Moreover, this bias also worked as a work-around of the lack of data variance in the training data.

3. Performance Inspection

Posture Estimation Model Equipment (GPU) Data Num Epoch Num LR
RTMPose Medium RTX-4060 Laptop 4118 +, 3858 - 650 5e-6

3.1 Training Performance

Under a larger data sample dimension, the overfitting point moved from around $950$ epochs to $650$ epochs. More useful information is discovered!
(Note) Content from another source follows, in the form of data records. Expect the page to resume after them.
lemma single_entry_mat_not_commute:
  assumes "i < n" "j < n" "i \<noteq> j"
  shows "single_entry_mat n i j * single_entry_mat n j i \<noteq>
    (single_entry_mat n j i * single_entry_mat n i j :: 'a::comm_ring_1 mat)"
proof -
  have "(single_entry_mat n i j * single_entry_mat n j i :: 'a mat) $$ (i,i) =
      (\<Sum>k<n. single_entry_mat n i j $$ (i,k) * single_entry_mat n j i $$ (k,i))"
    using assms by (intro index_mult_mat_sum) simp_all
  also have "\<dots> = (\<Sum>k<n. if k = j then 1 else 0)"
    using assms by (intro sum.cong) auto
  finally have "(single_entry_mat n i j * single_entry_mat n j i :: 'a mat) $$ (i,i) = 1"
    using assms by simp
  moreover have "(single_entry_mat n j i * single_entry_mat n i j :: 'a mat) $$ (i,i) =
      (\<Sum>k<n. single_entry_mat n j i $$ (i,k) * single_entry_mat n i j $$ (k,i))"
    using assms by (intro index_mult_mat_sum) simp_all
  moreover have "\<dots> = 0"
    using assms by (intro sum.neutral) auto
  ultimately show ?thesis by (metis zero_neq_one)
qed

lemma inj_on_if_neutral_component_commutative:
  assumes "\<forall>A\<in>(elem_grading n gs 0 :: 'a::comm_ring_1 mat set).
    \<forall>B\<in>elem_grading n gs 0. A * B = B * A"
  shows "inj_on gs {..<n}"
proof (rule inj_onI, rule ccontr)
  fix i j assume ij: "i \<in> {..<n}" "j \<in> {..<n}" "gs i = gs j" "i \<noteq> j"
  then have "(single_entry_mat n i j :: 'a mat) \<in> elem_grading n gs 0"
    "(single_entry_mat n j i :: 'a mat) \<in> elem_grading n gs 0"
    using single_entry_mat_in_elem_grading[of n i j gs] single_entry_mat_in_elem_grading[of n j i gs]
    by simp_all
  with assms single_entry_mat_not_commute[of i n j] ij show False by auto
qed

lemma grading_supp_elem_grading:
  "grading_supp n (elem_grading n gs :: 'g::ab_group_add \<Rightarrow> 'a::zero_neq_one mat set) =
     {gs q - gs p | p q. p < n \<and> q < n}"
proof safe
  fix g assume "g \<in> grading_supp n (elem_grading n gs :: 'g \<Rightarrow> 'a mat set)"
  then obtain A :: "'a mat" where A: "A \<in> elem_grading n gs g" "A \<noteq> 0\<^sub>m n n"
    unfolding grading_supp_def by auto
  then have "A \<in> carrier_mat n n" by (simp add: elem_grading_def)
  with A(2) obtain p q where "p < n" "q < n" "A $$ (p,q) \<noteq> 0"
    by (metis carrier_matD eq_matI index_zero_mat(1-3))
  with A(1) show "\<exists>p q. g = gs q - gs p \<and> p < n \<and> q < n"
    unfolding elem_grading_def by force
next
  fix p q assume pq: "p < n" "q < n"
  then have "(single_entry_mat n p q :: 'a mat) \<noteq> 0\<^sub>m n n"
    by (metis index_single_entry_mat index_zero_mat(1) zero_neq_one)
  with single_entry_mat_in_elem_grading
  show "gs q - gs p \<in> grading_supp n (elem_grading n gs :: 'g \<Rightarrow> 'a mat set)"
    unfolding grading_supp_def by blast
qed

definition has_infix_outside :: "'g set \<Rightarrow> (nat \<times> 'g::comm_monoid_add) list \<Rightarrow> bool" where
  "has_infix_outside S w \<longleftrightarrow> (\<exists>u v z. w = u @ v @ z \<and> wdeg v \<notin> S)"

lemma pmul_nonzero_split:
  "pmul p q u \<noteq> 0 \<Longrightarrow> \<exists>i\<le>length u. p (take i u) \<noteq> 0 \<and> q (drop i u) \<noteq> 0"
  unfolding pmul_def by (metis (mono_tags, lifting) atMost_iff mult_not_zero sum.neutral)

text \<open>A graded substitution of a variable only produces words of the variable's degree.\<close>
lemma TG_ideal_support_has_infix_outside:
  assumes "p \<in> TG_ideal {pmono [v] | v. snd v \<notin> S}" "p u \<noteq> 0"
  shows "has_infix_outside S u"
  using assms
proof (induction arbitrary: u rule: TG_ideal.induct)
  case (gen s \<sigma>)
  then obtain v where v: "s = pmono [v]" "snd v \<notin> S" by auto
  from gen.prems obtain w where w: "w \<in> psupp s" "s w * foldr pmul (map \<sigma> w) pone u \<noteq> 0"
    unfolding psubst_def by (meson sum.not_neutral_contains_not_neutral)
  have "w = [v]" using w(1) v unfolding psupp_def pmono_def by (auto split: if_splits)
  with w have "pmul (\<sigma> v) pone u \<noteq> 0" by auto
  then obtain i where "\<sigma> v (take i u) \<noteq> 0" "pone (drop i u) \<noteq> (0::'b)"
    using pmul_nonzero_split by blast
  then have "\<sigma> v u \<noteq> 0" unfolding pone_def pmono_def by (auto split: if_splits)
  then have "wdeg u = snd v" using gen.hyps(3) unfolding graded_subst_def by blast
  then show ?case unfolding has_infix_outside_def using v(2)
    by (metis append.left_neutral append.right_neutral)
next
  case zero then show ?case by simp
next
  case (add p q) then show ?case by (metis add.left_neutral add_0_right)
next
  case (lmul p r)
  then obtain i where "p (drop i u) \<noteq> 0" using pmul_nonzero_split by blast
  with lmul.IH obtain a b c where "drop i u = a @ b @ c" "wdeg b \<notin> S"
    unfolding has_infix_outside_def by blast
  then show ?case unfolding has_infix_outside_def
    by (metis append.assoc append_take_drop_id)
next
  case (rmul p r)
  then obtain i where "p (take i u) \<noteq> 0" using pmul_nonzero_split by blast
  with rmul.IH obtain a b c where "take i u = a @ b @ c" "wdeg b \<notin> S"
    unfolding has_infix_outside_def by blast
  then show ?case unfolding has_infix_outside_def
    by (metis append.assoc append_take_drop_id)
qed

lemma infix_of_pair: "u @ v @ z = [x, y] \<Longrightarrow> v = [] \<or> v = [x] \<or> v = [y] \<or> v = [x, y]"
  by (cases u; cases v; auto simp: Cons_eq_append_conv append_eq_Cons_conv)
We can see that the gradient at the end of the training fluctuates, this means that the learning rate is quite large that it's jumping around a local minimum. However, it is still tolerable.

3.2 Testing Performance

Again, the model is well-fitted in the given data samples, yet it is overfitted in the actual posts in the real-world.

3.3 Inspection Performance

3.3.1 Regular

To begin with, this model performs well in the regular term.

We conclude that the convolution is useful, as it lets the model to learn the dependencies among different features. For an evident instance, the model had learned the dependencies between "lowering head" and "raising up hand."

https://drive.google.com/drive/u/0/folders/1oUhbQTxlxmzz8J78fJUmWMiYGS3mtNIR

Agenda for the next meeting

  1. Victor Mai Jiajun gave a new structure of inputs, and try to train and test it.
  2. get ready to train a phone-detector model with interface of YOLOv8 and dive into the next phase of the whole project.
  3. cover more videos that not yet been fitted in model in the 1st phase.